Ocular Sarcoidosis – A Comprehensive View and Newfound Hope
Ocular sarcoidosis is a manifestation of sarcoidosis, which is an inflammation of the body tissues that affects lungs, lymph nodes and other organs. Ocular sarcoidosis develops in around 30% of the sarcoidosis patients, although in Japan the percentage is much higher. This inflammation can be chronic, and if left untreated it leads to a permanent impairment of the visual system and even to a complete vision loss.
Sarcoidosis granulomas formed in the eyes, are not unlike granulomas that form in the rest of the areas affected by sarcoidosis. They form when the immune system tries to wall off an infection or a foreign substance, and they appear as solitary, yellow nodules.

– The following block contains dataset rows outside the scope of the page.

lemma measure_lessThan_mult_cond_mean_gap:
  assumes mean: "integrable M (\<lambda>x. x)" and pos: "measure M {..<s} > 0"
  shows "measure M {..<s} * (s - cond_mean_below M s) = (\<integral>x. (s - x) * indicator {..<s} x \<partial>M)"
proof -
  have "measure M {..<s} * (s - cond_mean_below M s)
      = s * measure M {..<s} - (\<integral>x. x * indicator {..<s} x \<partial>M)"
    using pos by (simp add: cond_mean_below_def right_diff_distrib)
  also have "\<dots> = (\<integral>x. s * indicator {..<s} x - x * indicator {..<s} x \<partial>M)"
    using mean
    by (subst Bochner_Integration.integral_diff)
       (auto intro: integrable_real_mult_indicator simp: less_top[symmetric])
  finally show ?thesis
    by (simp add: left_diff_distrib)
qed

lemma cond_mean_below_less:
  assumes mean: "integrable M (\<lambda>x. x)" and pos: "measure M {..<s} > 0"
  shows "cond_mean_below M s < s"
proof -
  have "0 < (\<integral>x. (s - x) * indicator {..<s} x \<partial>M)"
  proof (rule integral_less_AE[where A = "{..<s}", of "\<lambda>_. 0", simplified])
    show "integrable M (\<lambda>x. (s - x) * indicator {..<s} x)"
      using mean by (intro integrable_real_mult_indicator) auto
    show "emeasure M {..<s} \<noteq> 0"
      using pos by (simp add: emeasure_eq_measure)
  qed (auto simp: indicator_def)
  also have "\<dots> = measure M {..<s} * (s - cond_mean_below M s)"
    using measure_lessThan_mult_cond_mean_gap[OF mean pos] ..
  finally show ?thesis
    using pos by (simp add: zero_less_mult_iff)
qed

lemma cond_mean_below_strict_mono:
  assumes mean: "integrable M (\<lambda>x. x)" and pos: "measure M {..<s} > 0"
    and "s < t" and mass: "measure M {s<..<t} > 0"
  shows "cond_mean_below M s < cond_mean_below M t"
proof -
  let ?c = "cond_mean_below M s" and ?Q = "measure M {s..<t}"
  have int_part: "integrable M (\<lambda>x. x * indicator A x)" if "A \<in> sets borel" for A
    using mean that by (intro integrable_real_mult_indicator) auto
  have partition: "{..<t} = {..<s} \<union> {s..<t}" "{..<s} \<inter> {s..<t} = {}"
    using \<open>s < t\<close> by auto
  have "measure M {s<..<t} \<le> ?Q"
    by (rule finite_measure_mono) auto
  then have Q_pos: "?Q > 0"
    using mass by linarith
  have "s * ?Q = (\<integral>x. s * indicator {s..<t} x \<partial>M)"
    by simp
  also have "\<dots> \<le> (\<integral>x. x * indicator {s..<t} x \<partial>M)"
    by (intro integral_mono int_part integrable_mult_right integrable_real_indicator)
       (auto simp: indicator_def less_top[symmetric])
  finally have lower_part: "s * ?Q \<le> (\<integral>x. x * indicator {s..<t} x \<partial>M)" .
  have "?c * measure M {..<t} = ?c * measure M {..<s} + ?c * ?Q"
    unfolding partition(1) by (subst finite_measure_Union) (use partition(2) in \<open>auto simp: algebra_simps\<close>)
  also have "\<dots> < (\<integral>x. x * indicator {..<s} x \<partial>M) + s * ?Q"
    using pos mult_strict_right_mono[OF cond_mean_below_less[OF mean pos] Q_pos]
    by (simp add: cond_mean_below_def)
  also have "\<dots> \<le> (\<integral>x. x * indicator {..<s} x \<partial>M) + (\<integral>x. x * indicator {s..<t} x \<partial>M)"
    using lower_part by simp
  also have "\<dots> = (\<integral>x. x * indicator {..<t} x \<partial>M)"
    using \<open>s < t\<close>
    by (subst Bochner_Integration.integral_add[symmetric, OF int_part int_part])
       (auto intro!: Bochner_Integration.integral_cong simp: indicator_def)
  finally have "?c * measure M {..<t} < (\<integral>x. x * indicator {..<t} x \<partial>M)" .
  moreover have "measure M {..<s} \<le> measure M {..<t}"
    using \<open>s < t\<close> by (intro finite_measure_mono) auto
  ultimately show ?thesis
    using pos by (simp add: cond_mean_below_def[of M t] less_divide_eq)
qed

(* Since x / 0 = 0, the conditional mean vanishes below a null set. *)
lemma measure_lessThan_pos_if_cond_mean_below_nonzero:
  assumes "cond_mean_below M s \<noteq> 0"
  shows "measure M {..<s} > 0"
proof -
  have "measure M {..<s} \<noteq> 0"
    using assms by (auto simp: cond_mean_below_def)
  then show ?thesis
    using measure_nonneg[of M "{..<s}"] by linarith
qed

lemma strict_mono_on_cond_mean_below:
  assumes mean: "integrable M (\<lambda>x. x)"
    and support: "\<And>a b. 0 \<le> a \<Longrightarrow> a < b \<Longrightarrow> measure M {a<..<b} > 0"
    and "0 \<le> a" and pos: "measure M {..<a} > 0"
  shows "strict_mono_on {a..} (cond_mean_below M)"
proof (rule strict_mono_onI)
  fix s t assume "s \<in> {a..}" "s < t"
  moreover have "measure M {..<a} \<le> measure M {..<s}"
    using \<open>s \<in> {a..}\<close> by (intro finite_measure_mono) auto
  ultimately show "cond_mean_below M s < cond_mean_below M t"
    using pos support[of s t] \<open>0 \<le> a\<close> by (intro cond_mean_below_strict_mono[OF mean]) auto
qed

end

locale limit_price_auction = real_distribution M for M :: "real measure" +
  fixes L vlow :: real
  assumes integrable_value: "integrable M (\<lambda>v. v)"
    and atomless: "\<And>v. measure M {v} = 0"
    and limit_price_pos: "0 < L"
    and cond_mean_below_vlow: "cond_mean_below M vlow = L"
    and strict_mono_cond_mean_below: "strict_mono_on {vlow..} (cond_mean_below M)"
begin

lemma measure_lessThan_vlow_pos: "measure M {..<vlow} > 0"
  using limit_price_pos cond_mean_below_vlow
  by (intro measure_lessThan_pos_if_cond_mean_below_nonzero) simp

lemma measure_lessThan_pos:
  assumes "vlow \<le> v"
  shows "measure M {..<v} > 0"
proof -
  have "measure M {..<vlow} \<le> measure M {..<v}"
    using assms by (intro finite_measure_mono) auto
  then show ?thesis
    using measure_lessThan_vlow_pos by linarith
qed

lemma limit_price_less_vlow: "L < vlow"
  using cond_mean_below_less[OF integrable_value measure_lessThan_vlow_pos] cond_mean_below_vlow
  by simp

lemma cond_mean_below_bounds:
  assumes "vlow \<le> v"
  shows "L \<le> cond_mean_below M v" and "cond_mean_below M v < v"
proof -
  show "L \<le> cond_mean_below M v"
    using strict_mono_on_leD[OF strict_mono_cond_mean_below, of vlow v] assms cond_mean_below_vlow
    by simp
  show "cond_mean_below M v < v"
    using cond_mean_below_less[OF integrable_value measure_lessThan_pos[OF assms]] .
qed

Ocular sarcoidosis manifests mainly as uveitis (swelling and irritation of the middle layer of the eye called uvea) but it can also affect other parts of eyes. Anterior or posterior granulomatous uveitis is most common, and may be accompanied by conjunctival and scleral lesions.
Types of uveitis found in ocular sarcoidosis patients include:
- Anterior uveitis may cause pain and excessive sensitivity to light, but some patients don’t experience any symptoms. Chronic anterior uveitis left untreated may be the cause of glaucoma, band keratopathy (corneal disease) and cataract.
- Intermediate uveitis is another type of uveitis indicative of sarcoidosis. It is characterized by inflammation in the vitreous (thick, transparent substance that fills the center of the eye), pars plana (layer of the uvea), or peripheral retina.
- Posterior uveitis affects the back of the uvea called the choroid. This causes an inflammation called choroiditis, which may spread and affect other areas of the eye.
All types of uveitis may lead to a disease by the name of cystoid macular edema (swelling of the macula, which is a small, highly sensitive central area of the retina).
Ocular sarcoidosis may also manifest as other eye conditions like: optic neuropathy, which is a rare complication of sarcoidosis that leads to vision loss; and orbital disease, which mainly affects lacrimal glands, and may lead to eye entrapment and diplopia. Lacrimal gland disease is a common symptom and may appear before all the other signs of sarcoidosis.
When sarcoidosis is suspected, the patient should receive a detailed examination of the eyes, especially if the eye problems are noted.
Ocular sarcoidosis may be treated in different ways including topical therapy, immunosuppressive therapy and methotrexate (a commonly used steroid-sparing agent). Topical corticosteroids are used if the inflammation is mild, while in more severe cases steroids may be injected, for a rapid improvement. After the use of corticosteroids, reoccurrence of the disease is possible, while immunosuppressive therapy has more long term effects.